Через минуту Рут потеряла из виду своих попутчиков и была вброшена в густую толпу евреев у ближайшего товарного вагона. Теперь вокруг нее теснились сотни замордованных, словно обескровленных соплеменников.
Напротив, перед самым оцеплением, те же в полосатых каторжных робах тащили, складывали-перекладывали и волокли к грузовикам уже почерневшие, чудовищно раздутые трупы. Они орали друг другу на каком-то тарабарском языке с примесью перековерканных немецких слов, и, судя по всему, дьявольская работа не вызывала в их душах ни ужаса, ни отвращения.
Вот в перекрестие лучей прожекторов, как вражеский самолет, попала полосатая роба с целой связкой каких-то лохмотьев в обеих руках. Сама того не желая, Рут присмотрелась: в каждой руке заключенный держал за ноги по три крошечных мертвых младенца. При каждом движении головки детей бились друг о друга, и даже сквозь невообразимый шум над перроном Рут отчетливо слышала глухой стук детских костей.
Она отчаянно искала Лотту и не могла найти. Взгляд все время упирался в чужие лица, затылки, спины, в полосатые робы, оскаленные морды овчарок и эсэсовцев.
Перед толпой евреев фланировал, иногда круто останавливаясь и пристально всматриваясь в кого-то, какой-то важный господин в черном эсэсовском мундире. Он с огромным вниманием обозревал охваченное жутью человеческое стадо и сокрушенно качал головой. Некоторые евреи стали смотреть на него с надеждой.
Откуда им было знать, что фланирующий и стоящий перед ними с мягкой улыбкой и интеллигентными манерами господин на самом деле – старший врач женских бараков Йозеф Менгеле, главный специалист Аушвица по селекции вновь прибывших, за деликатные манеры и располагающую улыбку «любовно» прозванный заключенными «Ангелом смерти». Именно он решал, кого пропустить за ворота лагеря на каторжный труд и медленное умирание, кого – на «научные опыты» по евгенике, а кого – без промедления на газ и крематорий.
Но сегодня был не его день, точнее, не его вечер. По приказу рейхсфюрера СС Гиммлера всех берлинских евреев, схваченных во время операции «Фабрики», сразу же по прибытии надлежало газировать и сжечь без разбора.
Менгеле впервые оказался не у дел. Ценный материал буквально ускользал из его рук. И потому, по привычке придя сюда, он только обводил печальным взглядом огромную толпу и сокрушенно качал головой. И потому не с таким, как всегда, шиком блестел пробор на голове, и эсэсовская фуражка не так лихо была сдвинута набок, а большой палец как-то нервно подрагивал на ремне с кобурой.

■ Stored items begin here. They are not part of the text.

(* Let $\alpha\in[0,1]$. (a) If $G$ is any graph and $H_1,H_2$ are $A_\alpha$-cospectral graphs with $\Gamma_{A_\alpha(H_1)}(x)=\Gamma_{A_\alpha(H_2)}(x)$, then $G\vee H_1$ and $G\vee H_2$ are $A_\alpha$-cospectral. (b) If $G_1,G_2$ are $A_\alpha$-cospectral graphs with $\Gamma_{A_\alpha(G_1)}(x)=\Gamma_{A_\alpha(G_2)}(x)$ and $H_1,H_2$ are $A_\alpha$-cospectral graphs with $\Gamma_{A_\alpha(H_1)}(x)=\Gamma_{A_\alpha(H_2)}(x)$, then $G_1\vee H_1$ and $G_2\vee H_2$ are $A_\alpha$-cospectral.
   Context: All graphs are finite, simple and undirected. For a graph $G$, $A(G)$ is its adjacency matrix, $D(G)$ its diagonal degree matrix, and $A_\alpha(G)=\alpha D(G)+(1-\alpha)A(G)$. Two graphs are $A_\alpha$-cospectral if $A_\alpha$ of each has the same multiset of eigenvalues. For an $n\times n$ matrix $M$, its coronal is $\Gamma_M(x)=\mathbf{1}_n^T(xI_n-M)^{-1}\mathbf{1}_n$ (a rational function of $x$), with $\mathbf{1}_n$ the all-ones vector. $G\vee H$ denotes the join: the disjoint union of $G$ and $H$ with all edges between $V(G)$ and $V(H)$ added. *)

theory Defs
  imports "Jordan_Normal_Form.Char_Poly" "Jordan_Normal_Form.Gauss_Jordan_Elimination"
begin

text \<open>A finite simple graph with vertex set {0..<n}, given by an edge predicate E
  which is symmetric and irreflexive on the vertex set.\<close>
type_synonym graph = "nat \<times> (nat \<Rightarrow> nat \<Rightarrow> bool)"

definition nverts :: "graph \<Rightarrow> nat" where "nverts G = fst G"
definition adj :: "graph \<Rightarrow> nat \<Rightarrow> nat \<Rightarrow> bool" where "adj G = snd G"

definition simple_graph :: "graph \<Rightarrow> bool" where
  "simple_graph G \<longleftrightarrow>
     (\<forall>i<nverts G. \<forall>j<nverts G. adj G i j = adj G j i) \<and>
     (\<forall>i<nverts G. \<not> adj G i i)"

definition adj_matrix :: "graph \<Rightarrow> real mat" where
  "adj_matrix G = mat (nverts G) (nverts G) (\<lambda>(i,j). if adj G i j then 1 else 0)"

definition degree :: "graph \<Rightarrow> nat \<Rightarrow> nat" where
  "degree G i = card {j. j < nverts G \<and> adj G i j}"

definition deg_matrix :: "graph \<Rightarrow> real mat" where
  "deg_matrix G = mat (nverts G) (nverts G) (\<lambda>(i,j). if i = j then real (degree G i) else 0)"

definition A_alpha :: "real \<Rightarrow> graph \<Rightarrow> real mat" where
  "A_alpha \<alpha> G = \<alpha> \<cdot>\<^sub>m deg_matrix G + (1 - \<alpha>) \<cdot>\<^sub>m adj_matrix G"

definition eigenvalues :: "real mat \<Rightarrow> complex multiset" where
  "eigenvalues M = proots (char_poly (map_mat complex_of_real M))"

definition A_alpha_cospectral :: "real \<Rightarrow> graph \<Rightarrow> graph \<Rightarrow> bool" where
  "A_alpha_cospectral \<alpha> G H \<longleftrightarrow> eigenvalues (A_alpha \<alpha> G) = eigenvalues (A_alpha \<alpha> H)"

text \<open>Coronal evaluated at a real point x: 1^T (xI - M)^{-1} 1 (value 0 where xI - M is singular,
  i.e. at poles).\<close>
definition coronal :: "real mat \<Rightarrow> real \<Rightarrow> real" where
  "coronal M x = (case mat_inverse (x \<cdot>\<^sub>m 1\<^sub>m (dim_row M) - M) of
      Some B \<Rightarrow> vec (dim_row M) (\<lambda>_. 1) \<bullet> (B *\<^sub>v vec (dim_row M) (\<lambda>_. 1))
    | None \<Rightarrow> 0)"

text \<open>Equality of coronals as rational functions: they agree at every real x that is a pole of
  neither (i.e. x is an eigenvalue of neither matrix).\<close>
definition same_coronal :: "real mat \<Rightarrow> real mat \<Rightarrow> bool" where
  "same_coronal M N \<longleftrightarrow>
     (\<forall>x. \<not> eigenvalue M x \<and> \<not> eigenvalue N x \<longrightarrow> coronal M x = coronal N x)"

text \<open>Join: vertices of G are 0..<n, vertices of H are shifted to n..<n+m.\<close>
definition join :: "graph \<Rightarrow> graph \<Rightarrow> graph" where
  "join G H = (nverts G + nverts H,
     (\<lambda>i j. if i < nverts G \<and> j < nverts G then adj G i j
            else if nverts G \<le> i \<and> nverts G \<le> j then adj H (i - nverts G) (j - nverts G)
            else True))"

end

theory Submission
  imports Defs
begin

text \<open>Number the vertices of the join so that those of \<open>G\<close> (\<open>n\<close> of them) come first and
  those of \<open>H\<close> (\<open>m\<close> of them) last. Then \<open>xI - A\<^sub>\<alpha>(G \<or> H)\<close> has diagonal blocks
  \<open>(x - \<alpha>m)I - A\<^sub>\<alpha>(G)\<close> and \<open>(x - \<alpha>n)I - A\<^sub>\<alpha>(H)\<close> and off-diagonal blocks \<open>-(1 - \<alpha>)J\<close>.
  A Schur complement followed by the matrix determinant lemma gives, for all but finitely many \<open>x\<close>,
  \<open>\<phi>(G \<or> H, x) = \<phi>(G, x - \<alpha>m) \<phi>(H, x - \<alpha>n) (1 - (1 - \<alpha>)\<^sup>2 \<Gamma>\<^sub>G(x - \<alpha>m) \<Gamma>\<^sub>H(x - \<alpha>n))\<close>,
  where \<open>\<phi>\<close> is the characteristic polynomial and \<open>\<Gamma>\<close> the coronal of \<open>A\<^sub>\<alpha>\<close>. The right-hand
  side only involves data that the hypotheses make equal, and polynomials agreeing at all
  but finitely many points coincide.\<close>

lemma det_four_block_mat_schur_upper_left:
  fixes P :: "'a::field mat"
  assumes P: "P \<in> carrier_mat n n" and Q: "Q \<in> carrier_mat n m" and R: "R \<in> carrier_mat m n"
    and S: "S \<in> carrier_mat m m" and Pv: "Pv \<in> carrier_mat n n" and inv: "Pv * P = 1\<^sub>m n"
  shows "det (four_block_mat P Q R S) = det P * det (S - R * Pv * Q)"
proof -
  define K where "K = R * Pv"
  define T where "T = S - K * Q"
  have K: "K \<in> carrier_mat m n" and T: "T \<in> carrier_mat m m"
    unfolding K_def T_def using R Pv Q by auto
  have KP: "K * P = R"
    unfolding K_def using R Pv P inv by (simp add: assoc_mult_mat)
  have "four_block_mat (1\<^sub>m n) (0\<^sub>m n m) K (1\<^sub>m m) * four_block_mat P Q (0\<^sub>m m n) T
      = four_block_mat (1\<^sub>m n * P + 0\<^sub>m n m * 0\<^sub>m m n) (1\<^sub>m n * Q + 0\<^sub>m n m * T)
          (K * P + 1\<^sub>m m * 0\<^sub>m m n) (K * Q + 1\<^sub>m m * T)"
    using K T P Q by (intro mult_four_block_mat) auto
  also have "\<dots> = four_block_mat P Q R S"
    using K T P Q R S unfolding KP T_def by (intro cong_four_block_mat eq_matI) auto
  finally have factor: "four_block_mat P Q R S
      = four_block_mat (1\<^sub>m n) (0\<^sub>m n m) K (1\<^sub>m m) * four_block_mat P Q (0\<^sub>m m n) T" ..
  have "det (four_block_mat P Q R S)
      = det (four_block_mat (1\<^sub>m n) (0\<^sub>m n m) K (1\<^sub>m m)) * det (four_block_mat P Q (0\<^sub>m m n) T)"
    unfolding factor using K T P Q by (intro det_mult[of _ "n+m"]) auto
  also have "\<dots> = det P * det T"
    by (simp add: det_four_block_mat_upper_right_zero[OF one_carrier_mat refl K one_carrier_mat]
        det_four_block_mat_lower_left_zero[OF P Q refl T])
  finally show ?thesis unfolding T_def K_def .
qed

lemma det_four_block_mat_schur_lower_right:
  fixes P :: "'a::field mat"
  assumes P: "P \<in> carrier_mat n n" and Q: "Q \<in> carrier_mat n m" and R: "R \<in> carrier_mat m n"
    and S: "S \<in> carrier_mat m m" and Si: "Si \<in> carrier_mat m m" and inv: "S * Si = 1\<^sub>m m"
  shows "det (four_block_mat P Q R S) = det (P - Q * Si * R) * det S"
proof -
  define K where "K = Q * Si"
  define T where "T = P - K * R"
  have K: "K \<in> carrier_mat n m" and T: "T \<in> carrier_mat n n"
    unfolding K_def T_def using Q Si R by auto
  have KS: "K * S = Q"
    unfolding K_def using Q Si S mat_mult_left_right_inverse[OF S Si inv] by (simp add: assoc_mult_mat)
  have "four_block_mat (1\<^sub>m n) K (0\<^sub>m m n) (1\<^sub>m m) * four_block_mat T (0\<^sub>m n m) R S
      = four_block_mat (1\<^sub>m n * T + K * R) (1\<^sub>m n * 0\<^sub>m n m + K * S)
          (0\<^sub>m m n * T + 1\<^sub>m m * R) (0\<^sub>m m n * 0\<^sub>m n m + 1\<^sub>m m * S)"
    using K T R S by (intro mult_four_block_mat) auto
  also have "\<dots> = four_block_mat P Q R S"
    using K T P Q R S unfolding KS T_def by (intro cong_four_block_mat eq_matI) auto
  finally have factor: "four_block_mat P Q R S
      = four_block_mat (1\<^sub>m n) K (0\<^sub>m m n) (1\<^sub>m m) * four_block_mat T (0\<^sub>m n m) R S" ..
  have "det (four_block_mat P Q R S)
      = det (four_block_mat (1\<^sub>m n) K (0\<^sub>m m n) (1\<^sub>m m)) * det (four_block_mat T (0\<^sub>m n m) R S)"
    unfolding factor using K T R S by (intro det_mult[of _ "n+m"]) auto
  also have "\<dots> = det T * det S"
    by (simp add: det_four_block_mat_lower_left_zero[OF one_carrier_mat K refl one_carrier_mat]
        det_four_block_mat_upper_right_zero[OF T refl R S])
  finally show ?thesis unfolding T_def K_def .
qed

text \<open>The matrix determinant lemma, from the two Schur complements of
  \<open>[[S, u], [v, 1]]\<close>.\<close>

lemma det_minus_rank_one:
  fixes S :: "'a::field mat"
  assumes S: "S \<in> carrier_mat m m" and Si: "Si \<in> carrier_mat m m" and inv: "S * Si = 1\<^sub>m m"
    and u: "u \<in> carrier_mat m 1" and v: "v \<in> carrier_mat 1 m"
  shows "det (S - u * v) = det S * (1 - (v * Si * u) $$ (0,0))"
proof -
  let ?M = "four_block_mat S u v (1\<^sub>m 1)"
  have "det ?M = det S * det (1\<^sub>m 1 - v * Si * u)"
    using mat_mult_left_right_inverse[OF S Si inv]
    by (intro det_four_block_mat_schur_upper_left[OF S u v one_carrier_mat Si])
  also have "det (1\<^sub>m 1 - v * Si * u) = 1 - (v * Si * u) $$ (0,0)"
    using v Si u by (subst det_single) auto
  finally have "det ?M = det S * (1 - (v * Si * u) $$ (0,0))" .
  moreover have "det ?M = det (S - u * 1\<^sub>m 1 * v) * det (1\<^sub>m 1 :: 'a mat)"
    by (rule det_four_block_mat_schur_lower_right[OF S u v one_carrier_mat one_carrier_mat]) simp
  ultimately show ?thesis using u by simp
qed

definition ones_mat :: "nat \<Rightarrow> nat \<Rightarrow> 'a::one mat" where
  "ones_mat a b = mat a b (\<lambda>_. 1)"

definition sum_entries :: "'a::comm_monoid_add mat \<Rightarrow> 'a" where
  "sum_entries B = (\<Sum>i<dim_row B. \<Sum>j<dim_col B. B $$ (i,j))"

lemma ones_mat_carrier[simp]: "ones_mat a b \<in> carrier_mat a b"
  unfolding ones_mat_def by auto

lemma dim_ones_mat[simp]: "dim_row (ones_mat a b) = a" "dim_col (ones_mat a b) = b"
  unfolding ones_mat_def by auto

lemma index_ones_mat[simp]: "i < a \<Longrightarrow> j < b \<Longrightarrow> ones_mat a b $$ (i,j) = 1"
  unfolding ones_mat_def by auto

lemma smult_ones_mat_mult_smult_ones_mat:
  fixes B :: "'a::comm_ring_1 mat"
  assumes B: "B \<in> carrier_mat n n"
  shows "(k \<cdot>\<^sub>m ones_mat a n) * B * (l \<cdot>\<^sub>m ones_mat n b) = (k * l * sum_entries B) \<cdot>\<^sub>m ones_mat a b"
proof (rule eq_matI)
  fix i j assume "i < dim_row ((k * l * sum_entries B) \<cdot>\<^sub>m ones_mat a b)"
    and "j < dim_col ((k * l * sum_entries B) \<cdot>\<^sub>m ones_mat a b)"
  hence i: "i < a" and j: "j < b" by auto
  have "((k \<cdot>\<^sub>m ones_mat a n) * B * (l \<cdot>\<^sub>m ones_mat n b)) $$ (i,j) = (\<Sum>q<n. (\<Sum>p<n. k * B $$ (p,q)) * l)"
    using i j B by (simp add: scalar_prod_def lessThan_atLeast0)
  also have "\<dots> = (\<Sum>p<n. \<Sum>q<n. k * l * B $$ (p,q))"
    by (subst sum.swap) (simp add: sum_distrib_left sum_distrib_right mult_ac)
  also have "\<dots> = k * l * sum_entries B"
    using B unfolding sum_entries_def by (simp add: sum_distrib_left)
  finally show "((k \<cdot>\<^sub>m ones_mat a n) * B * (l \<cdot>\<^sub>m ones_mat n b)) $$ (i,j)
      = ((k * l * sum_entries B) \<cdot>\<^sub>m ones_mat a b) $$ (i,j)"
    using i j by simp
qed auto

Чтобы никто не заметил его внутреннего расстройства, Менгеле, как обычно, пробовал беззаботно улыбаться и насвистывать любимый опереточный мотивчик. Но не только окружавшие его эсэсовцы, а последняя немецкая овчарка прекрасно понимала, что категорический приказ рейхсфюрера о незамедлительной и безоговорочной утилизации берлинских евреев лишил доктора Менгеле новых выдающихся открытий при потрошении живых младенцев, кастрации мальчиков и мужчин без наркоза, тестирования на выносливость женщин с помощью тока высокого напряжения и многого другого, недоступного воображению простых смертных.
В этот вечер Ангел смерти страдал вместе с обреченными евреями, но они понятия не имели об этом.
Вдруг ночное беззвездное небо озарила ярчайшая вспышка. Выхлопы багрового дыма взметнулись над лагерем, сквозь дым прорывались рваные протуберанцы пламени. От него разлетались ядреные жирные искры.
Дыхание мгновенно забил непереносимый смрад. Головы евреев инстинктивно повернулись в сторону огненной фантасмагории, но охрана в тот же миг надавила на края толпы и, не давая ей опомниться, погнала к воротам лагеря.
Некоторые, не удержавшись на ногах, падали, и идущие следом, не в силах остановиться или перешагнуть через них, шли по ним с одной-единственной мыслью: не упасть под ноги следом идущих.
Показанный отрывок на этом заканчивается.